Marc Almond
Although the casual music fan may know him for "Tainted Love" with Soft Cell or his duet with Gene Pitney "Something's Gotten Hold Of My Heart", Marc Almond has had a career spanning over 20 years and covering everything from obscure electroclash singles recorded under an alias through to the epic masterpiece of "Heart On Snow". Recorded in Moscow and St Petersburg we caught up with Marc as the album was being relaunched to coincide with a residence at the Almeida Theatre in Islington.
Q: The album must have been quite a daunting process
cos it was 10 years in the making from the initial idea to actually recording
it
A: Well it was a very very frustrating album to do. When
i first toured Russia in the early 90s the germ of the idea started then.
I mean things didn't really started to 2000 I suppose and even then I was
bombarded for a year before that by the director of the album and the executive
producer of the album to do the project. Knowing what I knew about Russia,
as much as I loved the music and was fascinated by the songs and the whole
idea of it, I knew it would be a very lengthy and frustrating process.
I thought how am I going to do this: how am going to choose the songs,
the musicians, the translations, how am i going to sing in Russian....just
a million questions.

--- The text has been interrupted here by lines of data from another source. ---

definition fiber_body :: "('v::euclidean_space \<times> 'w::euclidean_space) set \<Rightarrow> 'w set" where
  "fiber_body K = {(LINT x:(fst ` K)|lborel. \<gamma> x) | \<gamma>. measurable_section K \<gamma>}"

end

theory Submission
  imports Defs
begin

text \<open>Integrating sections is linear, so the support function of the fiber body in a direction
  \<open>u\<close> is at most the integral of the support functions of the fibres, and a point \<open>\<integral>\<gamma>\<close> lies
  on the face in direction \<open>u\<close> exactly when \<open>\<gamma>(x)\<close> attains the fibrewise maximum almost
  everywhere. Iterating along the family, the support function of the iterated face of the fiber
  body is the integral of the support functions of the iterated faces of the fibres. These are
  measurable: for the empty family by upper semicontinuity, and in the inductive step because the
  one-sided directional derivative of the support function of \<open>F\<close> at \<open>a\<close> in direction \<open>v\<close> is the
  support function of the face \<open>F\<^sup>a\<close> at \<open>v\<close>. Equality with the integral holds because a
  measurable section attaining the fibrewise maxima everywhere exists.\<close>

lemma support_fun_upper:
  fixes L :: "'a::euclidean_space set"
  assumes "bounded L" "w \<in> L"
  shows "u \<bullet> w \<le> support_fun L u"
proof -
  have "bounded ((\<lambda>x. u \<bullet> x) ` L)"
    using assms(1) by (rule bounded_linear_image) (rule bounded_linear_inner_right)
  then show ?thesis
    unfolding support_fun_def using assms(2) by (intro cSup_upper imageI bounded_imp_bdd_above)
qed

lemma support_fun_attained:
  fixes L :: "'a::euclidean_space set"
  assumes "compact L" "L \<noteq> {}"
  obtains w where "w \<in> L" "u \<bullet> w = support_fun L u"
proof -
  have "compact ((\<lambda>x. u \<bullet> x) ` L)"
    by (intro compact_continuous_image assms continuous_intros)
  then obtain w where "w \<in> L" "\<forall>x\<in>L. u \<bullet> x \<le> u \<bullet> w"
    using compact_attains_sup[of "(\<lambda>x. u \<bullet> x) ` L"] assms(2) by auto
  then have "support_fun L u = u \<bullet> w"
    unfolding support_fun_def by (intro cSup_eq_maximum) auto
  with \<open>w \<in> L\<close> show ?thesis by (intro that) auto
qed

lemma face_subset: "face L u \<subseteq> L"
  by (auto simp: face_def)

lemma faces_Nil [simp]: "faces L [] = L"
  by (simp add: faces_def)

lemma faces_append: "faces L (us @ vs) = faces (faces L us) vs"
  by (simp add: faces_def)

lemma faces_snoc: "faces L (us @ [u]) = face (faces L us) u"
  by (simp add: faces_def)

lemma faces_subset: "faces L us \<subseteq> L"
  by (induction us rule: rev_induct) (use face_subset in \<open>auto simp: faces_snoc\<close>)

lemma compact_face:
  fixes L :: "'a::euclidean_space set"
  assumes "compact L" "L \<noteq> {}"
  shows "compact (face L u) \<and> face L u \<noteq> {}"
proof
  have "face L u = L \<inter> {y. u \<bullet> y = support_fun L u}"
    by (auto simp: face_def)
  then show "compact (face L u)"
    using assms(1) by (auto intro!: compact_Int_closed closed_Collect_eq continuous_intros)
  show "face L u \<noteq> {}"
    using support_fun_attained[OF assms, of u] by (auto simp: face_def)
qed

lemma compact_faces:
  fixes L :: "'a::euclidean_space set"
  assumes "compact L" "L \<noteq> {}"
  shows "compact (faces L us) \<and> faces L us \<noteq> {}"
  by (induction us rule: rev_induct) (use assms compact_face in \<open>auto simp: faces_snoc\<close>)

Eventually when I kind of gave into it and was warn
down really it became a really exciting project. I just let myself go into
it and i'm really glad that I did.
Q: As you said there is a totally different culture
in Russia. In that sense it must have been your hardest album to do?

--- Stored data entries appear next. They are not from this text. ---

lemma Lam_s_eq_0:
  assumes Xb: "\<And>i. i < NN C \<Longrightarrow> Xb i \<in> closed_segment (Dp C) (Ep C)"
  shows "Lam_s C phi Xb s X = 0"
proof -
  let ?p = "\<lambda>i. peval (phi i s) X"
  let ?f = "\<lambda>i. ?p i *\<^sub>R ((mbar_coeff C s * side_moment C s i) *\<^sub>R vF C)"
  have sets: "Iset C (opp s) \<subseteq> {..<NN C}" "Iint C \<subseteq> {..<NN C}"
    by (auto simp: Iset_def Iint_def)
  have Iset_terms: "?p i *\<^sub>R (transpose (Mbar C s - mat 1) *v (mid C i - Xb i)) = ?f i"
    if "i \<in> Iset C (opp s)" for i
  proof -
    have "nb C \<bullet> (mid C i - Xb i) = side_moment C s i"
      using nb_inner_on_l[OF Xb] sets that side_moment_Iset[OF that] by (auto simp: inner_diff_right)
    then show ?thesis
      using transpose_Mbar_minus_id[of C s "mid C i - Xb i"] nb_vF_pos by simp
  qed
  have "(\<Sum>i\<in>Iset C (opp s). ?f i) + (\<Sum>i\<in>Iint C. ?f i) = (\<Sum>i\<in>Iset C (opp s) \<union> Iint C. ?f i)"
    using sets Iint_disjoint_Iset by (intro sum.union_disjoint[symmetric]) (auto dest: finite_subset)
  also have "\<dots> = (\<Sum>i<NN C. ?f i)"
    using sets side_moment_eq_0 by (intro sum.mono_neutral_left) auto
  finally have "Lam_s C phi Xb s X = (\<Sum>i<NN C. ?p i *\<^sub>R (mid C i - X)) + (\<Sum>i<NN C. ?f i)"
    unfolding Lam_s_def using sets Xb Iset_terms edge_avg_Mbar_side by (simp add: add.assoc subset_iff)
  also have "(\<Sum>i<NN C. ?p i *\<^sub>R (mid C i - X))
      = (\<Sum>i<NN C. ?p i *\<^sub>R (mid C i - Dp C)) - (\<Sum>i<NN C. ?p i) *\<^sub>R (X - Dp C)"
    by (simp add: scaleR_sum_left sum_subtractf[symmetric] algebra_simps)
  also have "\<dots> = (X - Dp C) - (\<Sum>i<NN C. ?f i) - (X - Dp C)"
    by (subst (2) X_minus_D_expansion[of _ s])
      (simp add: sum_phi_eq_1 scaleR_add_right sum.distrib)
  finally show ?thesis
    by simp
qed

lemma Lam_eq_0:
  "(\<And>i. i < NN C \<Longrightarrow> Xb i \<in> closed_segment (Dp C) (Ep C)) \<Longrightarrow> Lam C phi Xb X = 0"
  by (simp add: Lam_def Lam_s_eq_0)

end

theorem mainTheorem9:
  fixes C :: cfg
    and \<gamma> \<gamma>' \<gamma>'' :: "real \<Rightarrow> real^2" and t0 :: real
    and phi :: "nat \<Rightarrow> sgn \<Rightarrow> poly2" and Xb :: "nat \<Rightarrow> real^2"
  assumes elem: "hx C > 0" "hy C > 0" "cutc C < 4"
    and beta: "bp C > 0" "bm C > 0"
    and opens: "open (Om C Pos)" "open (Om C Neg)"
    and disj: "Om C Pos \<inter> Om C Neg = {}" "Gam C \<inter> Om C Pos = {}" "Gam C \<inter> Om C Neg = {}"
    and separ: "Gam C \<subseteq> frontier (Om C Pos) \<inter> frontier (Om C Neg)"
    and cover: "Tset C \<subseteq> Om C Pos \<union> Om C Neg \<union> Gam C"
    and interface: "Gam C \<inter> interior (Tset C) \<noteq> {}"
    and DE: "Gam C \<inter> frontier (Tset C) = {Dp C, Ep C}" "Dp C \<noteq> Ep C"
    and H2: "\<not> (\<exists>i<NN C. Dp C \<in> edge C i \<and> Ep C \<in> edge C i)"
    and H3: "Gam C \<inter> Tset C = \<gamma> ` {0..1}" "\<gamma> 0 = Dp C" "\<gamma> 1 = Ep C" "inj_on \<gamma> {0..1}"
      "\<forall>t\<in>{0..1}. (\<gamma> has_vector_derivative \<gamma>' t) (at t within {0..1})
                 \<and> (\<gamma>' has_vector_derivative \<gamma>'' t) (at t within {0..1}) \<and> \<gamma>' t \<noteq> 0"
      "continuous_on {0..1} \<gamma>''"
    and nbar: "norm (nb C) = 1" "nb C \<bullet> (Ep C - Dp C) = 0"
    and sides: "\<exists>\<sigma>::real. \<sigma> \<noteq> 0
      \<and> (\<forall>Q \<in> frontier (Tset C) \<inter> closure (Tsg C Pos). \<sigma> * (nb C \<bullet> (Q - Dp C)) \<ge> 0)
      \<and> (\<forall>Q \<in> frontier (Tset C) \<inter> closure (Tsg C Neg). \<sigma> * (nb C \<bullet> (Q - Dp C)) \<le> 0)"
    and variant: "if curve C
      then Fp C = \<gamma> t0 \<and> 0 < t0 \<and> t0 < 1 \<and> norm (vF C) = 1 \<and> vF C \<bullet> \<gamma>' t0 = 0
           \<and> nb C \<bullet> vF C > 0
      else Fp C \<in> closed_segment (Dp C) (Ep C) \<and> vF C = nb C"
    and basis: "\<forall>i<NN C. is_ife C (phi i)"
      "\<forall>i<NN C. \<forall>j<NN C. edge_avg C j (ife_fun C (phi i)) = (if i = j then 1 else 0)"
    and Xbar: "\<forall>i<NN C. Xb i \<in> closed_segment (Dp C) (Ep C)"
  shows "(\<forall>k::2. Sint C (\<lambda>X. Lam C phi Xb X $ k))
       \<and> (\<forall>i<NN C. seg_int (V C i) (V C (Suc i)) (Lam C phi Xb) = 0)"
proof -
  have "nb C \<bullet> vF C > 0"
    using variant nbar(1) by (cases "curve C") (auto simp: norm_eq_1)
  then interpret ife_basis C phi
    using elem beta opens disj(1) cover DE H2 nbar sides basis by unfold_locales auto
  have Lam_0: "Lam C phi Xb = (\<lambda>X. 0)"
    using Xbar Lam_eq_0 by auto
  have "pgrad (0, 0, 0, 0) X = 0" for X
    by (simp add: pgrad_def vec2_eq_iff)
  then have "is_ife C (\<lambda>_. (0, 0, 0, 0))"
    by (simp add: is_ife_def PiT_def pdxx_def)
  then have "Sint C (\<lambda>X. Lam C phi Xb X $ k)" for k
    unfolding Sint_def Lam_0 by (intro exI[of _ "\<lambda>_. (0, 0, 0, 0)"]) (simp add: peval_def)
  moreover have "seg_int (V C i) (V C (Suc i)) (Lam C phi Xb) = 0" for i
    by (simp add: Lam_0 seg_int_def)
  ultimately show ?thesis
    by blast
qed

end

A: It's hard to do because it involved lots of travelling
backwards and forwards from London. The way the business things work in
Russia is you have to meet people, you have to go through a certain amount
of etiquette and business things are done just simply by a shake of the
hand and whether they like you or not. I was lucky enough to get a brilliant
producer for the album, Andrej Samsonov who is based in St Petersburg,
who was the musical arranger and really brought it all together. So while
I was here in England the album was still being worked on in St Petersburg
and Moscow.
Q: Had you always been intrigued by Russian culture
and it's folklore?
A: I think it's a very fascinating place. I think everyone's
quite fascinated by it. You can barely open a magazine without reading
something about Russia. People have always been very fascinated about it
from the days of the Iron Curtain cos no-one ever knew what went on there.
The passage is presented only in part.